Other useful substantially extrudable hydrocarbon polymers include polyesters, polycarbonates, polyketones, and polyureas. These materials are generally commercially available, for example: SELAR® polyester (DuPont, Wilmington, Del.); LEXAN® polycarbonate (General Electric, Pittsfield, Mass.); KADEL® polyketone (Amoco, Chicago, Ill.); and SPECTRIM® polyurea (Dow Chemical, Midland, Mich.).

Useful fluorine-containing polymers include crystalline or partially crystalline polymers such as copolymers of tetrafluoroethylene with one or more other monomers such as perfluoro(methyl vinyl)ether, hexafluoropropylene, perfluoro(propyl vinyl)ether; copolymers of tetrafluoroethylene with ethylenically unsaturated hydrocarbon monomers such as ethylene, or propylene.

Still other fluorine-containing polymers useful in the invention include those based on vinylidene fluoride such as polyvinylidene fluoride; copolymers of vinylidene fluoride with one or more other monomers such as hexafluoropropylene, tetrafluoroethylene, ethylene, propylene, etc. Still other useful fluorine-containing extrudable polymers will be known to those skilled in the art as a result of this disclosure.

Polyolefins represent a class of extrudable polymers that are particularly useful in the present invention. Useful polyolefins include the homopolymers and copolymers of olefins, as well as copolymers of one or more olefins and up to about 30 weight percent, but preferably 20 weight percent or less, of one or more monomers that are copolymerizable with such olefins, e.g., vinyl ester compounds such as vinyl acetate.
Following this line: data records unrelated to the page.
(* Let $k \ge 0$ be an integer. Let $A, B, C, D$ be pairwise disjoint piles of coins, each of size $2^k$, containing exactly two counterfeit coins in total, and suppose it is known that either (one coin of $A$ and one coin of $B$ are counterfeit) or (one coin of $C$ and one coin of $D$ are counterfeit). Then there is an adaptive strategy using at most $k+1$ weighings on a 5-way scale that determines both counterfeit coins.
   Context: Coins look identical; all genuine coins have one common weight, all counterfeit coins have one common weight strictly less than the genuine weight. A weighing places two disjoint sets of coins of equal cardinality on the left and right pans. Let $d$ = (number of counterfeit coins on the left pan) $-$ (number of counterfeit coins on the right pan). A 5-way scale reports MUCH LESS if $d \ge 2$, LESS if $d = 1$, EQUAL if $d = 0$, MORE if $d = -1$, MUCH MORE if $d \le -2$. A strategy chooses each weighing possibly depending on previous outcomes; it determines the counterfeit coins if the sequence of outcomes uniquely identifies them. *)

theory Defs
  imports Main
begin

datatype outcome = MuchLess | Less | Equal | More | MuchMore

definition weigh :: "'a set \<Rightarrow> 'a set \<Rightarrow> 'a set \<Rightarrow> outcome" where
  "weigh L R F = (let d = int (card (F \<inter> L)) - int (card (F \<inter> R)) in
     if d \<ge> 2 then MuchLess else if d = 1 then Less else if d = 0 then Equal
     else if d = -1 then More else MuchMore)"

datatype 'a strategy = Stop | Weigh "'a set" "'a set" "outcome \<Rightarrow> 'a strategy"

primrec run :: "'a strategy \<Rightarrow> 'a set \<Rightarrow> outcome list" where
  "run Stop = (\<lambda>F. [])"
| "run (Weigh L R next) = (\<lambda>F. weigh L R F # run (next (weigh L R F)) F)"

primrec depth :: "'a strategy \<Rightarrow> nat" where
  "depth Stop = 0"
| "depth (Weigh L R next) = Suc (Max (range (\<lambda>r. depth (next r))))"

primrec valid :: "'a set \<Rightarrow> 'a strategy \<Rightarrow> bool" where
  "valid U Stop = True"
| "valid U (Weigh L R next) =
     (L \<subseteq> U \<and> R \<subseteq> U \<and> finite L \<and> finite R \<and> L \<inter> R = {} \<and> card L = card R
      \<and> (\<forall>r. valid U (next r)))"

definition determines :: "'a strategy \<Rightarrow> 'a set set \<Rightarrow> bool" where
  "determines T S = inj_on (run T) S"

end

theory Submission
  imports Defs
begin

text \<open>Split every pile into halves, A = A1 \<union> A2 and so on, and weigh A1 \<union> B1
  against C2 \<union> D2. A counterfeit pair from A \<times> B only puts coins on the left pan and one from
  C \<times> D only on the right, so the reading d \<in> {2, 1, 0, -1, -2} leaves the candidates
  A1 \<times> B1, A1 \<times> B2 or A2 \<times> B1, A2 \<times> B2 or C1 \<times> D1, C1 \<times> D2 or C2 \<times> D1, C2 \<times> D2
  respectively. Each class is again a union of pairs from two of four disjoint piles of size 2^(k-1),
  so the induction hypothesis finishes in k more weighings. For k = 0 one weighing of A against C
  separates the two candidates.\<close>

definition pairs :: "'a set \<Rightarrow> 'a set \<Rightarrow> 'a set set" where
  "pairs X Y = {{x, y} | x y. x \<in> X \<and> y \<in> Y}"

lemma doubleton_in_pairs: "x \<in> X \<Longrightarrow> y \<in> Y \<Longrightarrow> {x, y} \<in> pairs X Y"
  unfolding pairs_def by blast

definition identifies_within :: "'a set \<Rightarrow> nat \<Rightarrow> 'a set set \<Rightarrow> bool" where
  "identifies_within U n S \<longleftrightarrow> (\<exists>T. valid U T \<and> depth T \<le> n \<and> determines T S)"

definition scale :: "int \<Rightarrow> outcome" where
  "scale d = (if d \<ge> 2 then MuchLess else if d = 1 then Less else if d = 0 then Equal
     else if d = -1 then More else MuchMore)"

lemma weigh_eq_scale: "weigh L R F = scale (int (card (F \<inter> L)) - int (card (F \<inter> R)))"
  by (simp add: weigh_def scale_def Let_def)

lemma card_doubleton_Int:
  "a \<noteq> b \<Longrightarrow> card ({a, b} \<inter> X) = (if a \<in> X then 1 else 0) + (if b \<in> X then 1 else 0)"
  by (cases "a \<in> X"; cases "b \<in> X") (auto simp: Int_insert_left)

lemma UNIV_outcome: "(UNIV :: outcome set) = {MuchLess, Less, Equal, More, MuchMore}"
  by (auto intro: outcome.exhaust)

lemma depth_Weigh_le:
  assumes "\<And>r. depth (f r) \<le> n"
  shows "depth (Weigh L R f) \<le> Suc n"
proof -
  have "finite (range (\<lambda>r. depth (f r)))"
    by (simp add: UNIV_outcome)
  with assms show ?thesis
    by (simp add: Max_le_iff)
qed

lemma valid_mono: "valid U T \<Longrightarrow> U \<subseteq> V \<Longrightarrow> valid V T"
  by (induction T) auto

lemma determines_Weigh:
  assumes "\<And>F. F \<in> S \<Longrightarrow> F \<in> S' (weigh L R F)"
    and "\<And>r. determines (f r) (S' r)"
  shows "determines (Weigh L R f) S"
  unfolding determines_def
proof (rule inj_onI)
  fix F G
  assume F: "F \<in> S" and G: "G \<in> S" and "run (Weigh L R f) F = run (Weigh L R f) G"
  then have same: "weigh L R F = weigh L R G"
    and "run (f (weigh L R F)) F = run (f (weigh L R F)) G"
    by auto
  moreover have "F \<in> S' (weigh L R F)" and "G \<in> S' (weigh L R F)"
    using assms(1)[OF F] assms(1)[OF G] same by auto
  ultimately show "F = G"
    using assms(2) by (metis determines_def inj_onD)
qed

lemma identifies_within_mono:
  "identifies_within U n S \<Longrightarrow> U \<subseteq> V \<Longrightarrow> n \<le> m \<Longrightarrow> identifies_within V m S"
  unfolding identifies_within_def by (meson valid_mono order_trans)

lemma identifies_within_0: "(\<And>F G. F \<in> S \<Longrightarrow> G \<in> S \<Longrightarrow> F = G) \<Longrightarrow> identifies_within U 0 S"
  unfolding identifies_within_def determines_def
  by (rule exI[of _ Stop]) (auto intro: inj_onI)

lemma identifies_within_Suc:
  assumes "L \<subseteq> U" "R \<subseteq> U" "finite L" "finite R" "L \<inter> R = {}" "card L = card R"
    and "\<And>F. F \<in> S \<Longrightarrow> F \<in> S' (weigh L R F)"
    and "\<And>r. identifies_within U n (S' r)"
  shows "identifies_within U (Suc n) S"
proof -
  obtain f where f: "\<And>r. valid U (f r) \<and> depth (f r) \<le> n \<and> determines (f r) (S' r)"
    using assms(8) unfolding identifies_within_def by metis
  have "valid U (Weigh L R f)"
    using assms(1-6) f by simp
  moreover have "depth (Weigh L R f) \<le> Suc n"
    using f by (intro depth_Weigh_le) blast
  moreover have "determines (Weigh L R f) S"
    using assms(7) f by (intro determines_Weigh[where S' = S']) blast+
  ultimately show ?thesis
    unfolding identifies_within_def by blast
qed

lemma split_card_add:
  assumes "card A = m + m'" "0 < m + m'"
  obtains A1 A2 where "A = A1 \<union> A2" "A1 \<inter> A2 = {}" "card A1 = m" "card A2 = m'"
proof -
  have "finite A"
    using assms by (intro card_ge_0_finite) simp
  moreover obtain A1 where "A1 \<subseteq> A" "card A1 = m"
    using obtain_subset_with_card_n[of m A] assms by auto
  ultimately have "card (A - A1) = m'"
    using assms by (simp add: card_Diff_subset finite_subset)
  with \<open>A1 \<subseteq> A\<close> \<open>card A1 = m\<close> show ?thesis
    using that[of A1 "A - A1"] by blast
qed

definition disjoint_piles :: "nat \<Rightarrow> 'a set \<Rightarrow> 'a set \<Rightarrow> 'a set \<Rightarrow> 'a set \<Rightarrow> bool" where
  "disjoint_piles m A B C D \<longleftrightarrow>
     card A = m \<and> card B = m \<and> card C = m \<and> card D = m \<and>
     A \<inter> B = {} \<and> A \<inter> C = {} \<and> A \<inter> D = {} \<and> B \<inter> C = {} \<and> B \<inter> D = {} \<and> C \<inter> D = {}"

lemma identifies_within_disjoint_piles_1:
  assumes "disjoint_piles 1 A B C D"
  shows "identifies_within (A \<union> B \<union> C \<union> D) 1 (pairs A B \<union> pairs C D)"
proof -
  obtain a b c d where A: "A = {a}" and B: "B = {b}" and C: "C = {c}" and D: "D = {d}"
    using assms by (auto simp: disjoint_piles_def card_Suc_eq)
  have distinct: "a \<noteq> b" "a \<noteq> c" "a \<noteq> d" "b \<noteq> c" "b \<noteq> d" "c \<noteq> d"
    using assms by (auto simp: disjoint_piles_def A B C D)
  let ?S' = "case_outcome {} {{a, b}} {} {{c, d}} {}"
  show ?thesis
    unfolding One_nat_def
  proof (rule identifies_within_Suc)
    show "F \<in> ?S' (weigh A C F)" if "F \<in> pairs A B \<union> pairs C D" for F
      using that distinct
      by (auto simp: pairs_def A B C D weigh_eq_scale card_doubleton_Int scale_def)
    show "identifies_within (A \<union> B \<union> C \<union> D) 0 (?S' r)" for r
      by (cases r) (auto intro!: identifies_within_0)
  qed (use distinct in \<open>auto simp: A C\<close>)
qed

lemma disjoint_piles_halves:
  assumes "disjoint_piles (2 * m) A B C D" "0 < m"
  obtains A1 A2 B1 B2 C1 C2 D1 D2
  where "A = A1 \<union> A2" "B = B1 \<union> B2" "C = C1 \<union> C2" "D = D1 \<union> D2"
    and "disjoint_piles m A1 B1 A2 B2" "disjoint_piles m A1 B2 A2 B1"
    and "disjoint_piles m A2 B2 C1 D1" "disjoint_piles m C1 D2 C2 D1"
    and "disjoint_piles m C2 D2 C1 D1"
proof -
  have cards: "card A = m + m" "card B = m + m" "card C = m + m" "card D = m + m"
    using assms(1) by (simp_all add: disjoint_piles_def)
  have "0 < m + m"
    using assms(2) by simp
  obtain A1 A2 where A: "A = A1 \<union> A2" "A1 \<inter> A2 = {}" "card A1 = m" "card A2 = m"
    by (rule split_card_add[OF cards(1) \<open>0 < m + m\<close>])
  obtain B1 B2 where B: "B = B1 \<union> B2" "B1 \<inter> B2 = {}" "card B1 = m" "card B2 = m"
    by (rule split_card_add[OF cards(2) \<open>0 < m + m\<close>])
  obtain C1 C2 where C: "C = C1 \<union> C2" "C1 \<inter> C2 = {}" "card C1 = m" "card C2 = m"
    by (rule split_card_add[OF cards(3) \<open>0 < m + m\<close>])
  obtain D1 D2 where D: "D = D1 \<union> D2" "D1 \<inter> D2 = {}" "card D1 = m" "card D2 = m"
    by (rule split_card_add[OF cards(4) \<open>0 < m + m\<close>])
  have "A \<inter> B = {}" "A \<inter> C = {}" "A \<inter> D = {}" "B \<inter> C = {}" "B \<inter> D = {}" "C \<inter> D = {}"
    using assms(1) by (simp_all add: disjoint_piles_def)
  then show ?thesis
    using A(2-4) B(2-4) C(2-4) D(2-4) unfolding A(1) B(1) C(1) D(1)
    by (intro that[OF A(1) B(1) C(1) D(1)])
      (simp_all add: disjoint_piles_def Int_Un_distrib Int_Un_distrib2 Int_commute)
qed

text \<open>The readings 2 and -2 leave a single class; it is padded with a second, disjoint one so that
  every class has the shape the induction hypothesis accepts.\<close>

definition halving_classes :: "'a set \<Rightarrow> 'a set \<Rightarrow> 'a set \<Rightarrow> 'a set \<Rightarrow>
    'a set \<Rightarrow> 'a set \<Rightarrow> 'a set \<Rightarrow> 'a set \<Rightarrow> outcome \<Rightarrow> 'a set set"
  where "halving_classes A1 A2 B1 B2 C1 C2 D1 D2 =
    case_outcome (pairs A1 B1 \<union> pairs A2 B2) (pairs A1 B2 \<union> pairs A2 B1)
      (pairs A2 B2 \<union> pairs C1 D1) (pairs C1 D2 \<union> pairs C2 D1) (pairs C2 D2 \<union> pairs C1 D1)"

lemma weigh_halves:
  assumes "A = A1 \<union> A2" "B = B1 \<union> B2" "C = C1 \<union> C2" "D = D1 \<union> D2"
    and "A \<inter> B = {}" "A \<inter> C = {}" "A \<inter> D = {}" "B \<inter> C = {}" "B \<inter> D = {}" "C \<inter> D = {}"
    and "F \<in> pairs A B \<union> pairs C D"
  shows "F \<in> halving_classes A1 A2 B1 B2 C1 C2 D1 D2 (weigh (A1 \<union> B1) (C2 \<union> D2) F)"
proof -
  from assms(11) consider (AB) x y where "F = {x, y}" "x \<in> A" "y \<in> B"
    | (CD) x y where "F = {x, y}" "x \<in> C" "y \<in> D"
    unfolding pairs_def by blast
  then show ?thesis
  proof cases
    case AB
    have "x \<notin> B" "x \<notin> C" "x \<notin> D" "y \<notin> A" "y \<notin> C" "y \<notin> D" "x \<noteq> y"
      using AB assms(5-10) by blast+
    with AB assms(1-4) show ?thesis
      by (cases "x \<in> A1"; cases "y \<in> B1") (simp_all add: weigh_eq_scale scale_def
        card_doubleton_Int halving_classes_def doubleton_in_pairs)
  next
    case CD
    have "x \<notin> A" "x \<notin> B" "x \<notin> D" "y \<notin> A" "y \<notin> B" "y \<notin> C" "x \<noteq> y"
      using CD assms(5-10) by blast+
    with CD assms(1-4) show ?thesis
      by (cases "x \<in> C2"; cases "y \<in> D2") (simp_all add: weigh_eq_scale scale_def
        card_doubleton_Int halving_classes_def doubleton_in_pairs)
  qed
qed

lemma identifies_within_disjoint_piles_double:
  fixes A B C D :: "'a set"
  assumes IH: "\<And>W X Y Z :: 'a set. disjoint_piles m W X Y Z \<Longrightarrow>
      identifies_within (W \<union> X \<union> Y \<union> Z) n (pairs W X \<union> pairs Y Z)"
    and piles: "disjoint_piles (2 * m) A B C D" and "0 < m"
  shows "identifies_within (A \<union> B \<union> C \<union> D) (Suc n) (pairs A B \<union> pairs C D)"
proof -
  obtain A1 A2 B1 B2 C1 C2 D1 D2
    where A: "A = A1 \<union> A2" and B: "B = B1 \<union> B2" and C: "C = C1 \<union> C2" and D: "D = D1 \<union> D2"
      and halves: "disjoint_piles m A1 B1 A2 B2" "disjoint_piles m A1 B2 A2 B1"
        "disjoint_piles m A2 B2 C1 D1" "disjoint_piles m C1 D2 C2 D1" "disjoint_piles m C2 D2 C1 D1"
    using disjoint_piles_halves[OF piles \<open>0 < m\<close>] by blast
  let ?U = "A \<union> B \<union> C \<union> D"
  let ?classes = "halving_classes A1 A2 B1 B2 C1 C2 D1 D2"
  have finite: "finite A1" "finite B1" "finite C2" "finite D2"
    using halves(1,4) \<open>0 < m\<close> by (auto simp: disjoint_piles_def intro: card_ge_0_finite)
  show ?thesis
  proof (rule identifies_within_Suc[where S' = ?classes])
    show "A1 \<union> B1 \<subseteq> ?U" "C2 \<union> D2 \<subseteq> ?U" "finite (A1 \<union> B1)" "finite (C2 \<union> D2)"
      using finite by (auto simp: A B C D)
    show "card (A1 \<union> B1) = card (C2 \<union> D2)"
      using finite halves(1,4) by (simp add: disjoint_piles_def card_Un_disjoint Int_commute)
    show "(A1 \<union> B1) \<inter> (C2 \<union> D2) = {}"
      using piles by (simp add: disjoint_piles_def A B C D Int_Un_distrib Int_Un_distrib2)
    show "F \<in> ?classes (weigh (A1 \<union> B1) (C2 \<union> D2) F)" if "F \<in> pairs A B \<union> pairs C D" for F
      using piles that by (intro weigh_halves[OF A B C D]) (simp_all add: disjoint_piles_def)
    have lift: "identifies_within ?U n (pairs W X \<union> pairs Y Z)"
      if "disjoint_piles m W X Y Z" "W \<union> X \<union> Y \<union> Z \<subseteq> ?U" for W X Y Z
      using IH[OF that(1)] that(2) order_refl by (rule identifies_within_mono)
    show "identifies_within ?U n (?classes r)" for r
      by (cases r; simp add: halving_classes_def; rule lift) (auto simp: halves A B C D)
  qed
qed

lemma identifies_within_disjoint_piles:
  "disjoint_piles (2 ^ k) A B C D \<Longrightarrow>
    identifies_within (A \<union> B \<union> C \<union> D) (Suc k) (pairs A B \<union> pairs C D)"
proof (induction k arbitrary: A B C D)
  case 0
  then show ?case
    using identifies_within_disjoint_piles_1 by simp
next
  case (Suc k)
  have "disjoint_piles (2 * 2 ^ k) A B C D"
    using Suc.prems by simp
  with Suc.IH show ?case
    by (rule identifies_within_disjoint_piles_double) auto
qed

theorem mainTheorem6:
  fixes k :: nat and A B C D :: "'a set"
  assumes "finite A" "finite B" "finite C" "finite D"
    and "card A = 2 ^ k" "card B = 2 ^ k" "card C = 2 ^ k" "card D = 2 ^ k"
    and "A \<inter> B = {}" "A \<inter> C = {}" "A \<inter> D = {}"
    and "B \<inter> C = {}" "B \<inter> D = {}" "C \<inter> D = {}"
  shows "\<exists>T. valid (A \<union> B \<union> C \<union> D) T \<and> depth T \<le> k + 1 \<and>
           determines T ({{a, b} | a b. a \<in> A \<and> b \<in> B} \<union> {{c, d} | c d. c \<in> C \<and> d \<in> D})"
  using identifies_within_disjoint_piles[of k A B C D] assms
  unfolding disjoint_piles_def identifies_within_def pairs_def by simp

end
The olefins have the general structure CH ₂=CHR⁵, where R is a hydrogen or an alkyl radical, and generally, the alkyl radical contains not more than 8 carbon atoms and preferably one to four carbon atoms. Representative olefins are ethylene, propylene, butylene, and butene-1. Representative monomers which are copolymerizable with the olefins include 1-butene, 1-octene, 1-hexene, 4-methyl-1-pentene, propylene, vinyl ester monomers such as vinyl acetate, vinyl propionate, vinyl butyrate, vinyl chloroacetate, vinyl chloropropionate, (meth)acrylic acid ester monomers, and their alkyl esters, amides, and nitriles such as methyl acrylate, ethyl acrylate, N,N-dimethyl acrylamide, methacrylamide, acrylonitrile, vinyl aryl monomers such as styrene, o-methoxystyrene, p-methoxystyrene, and vinyl naphthalene, vinyl and vinylidene halide monomers such as vinyl chloride, vinylidene chloride, vinylidene bromide, alkyl ester monomers of maleic and fumaric acid such as dimethyl maleate, diethyl maleate, vinyl alkyl ether monomers such as vinyl methyl ether, vinyl ethyl ether, vinyl isobutyl ether, 2-chloroethyl vinyl ether, and vinyl pyridine monomers.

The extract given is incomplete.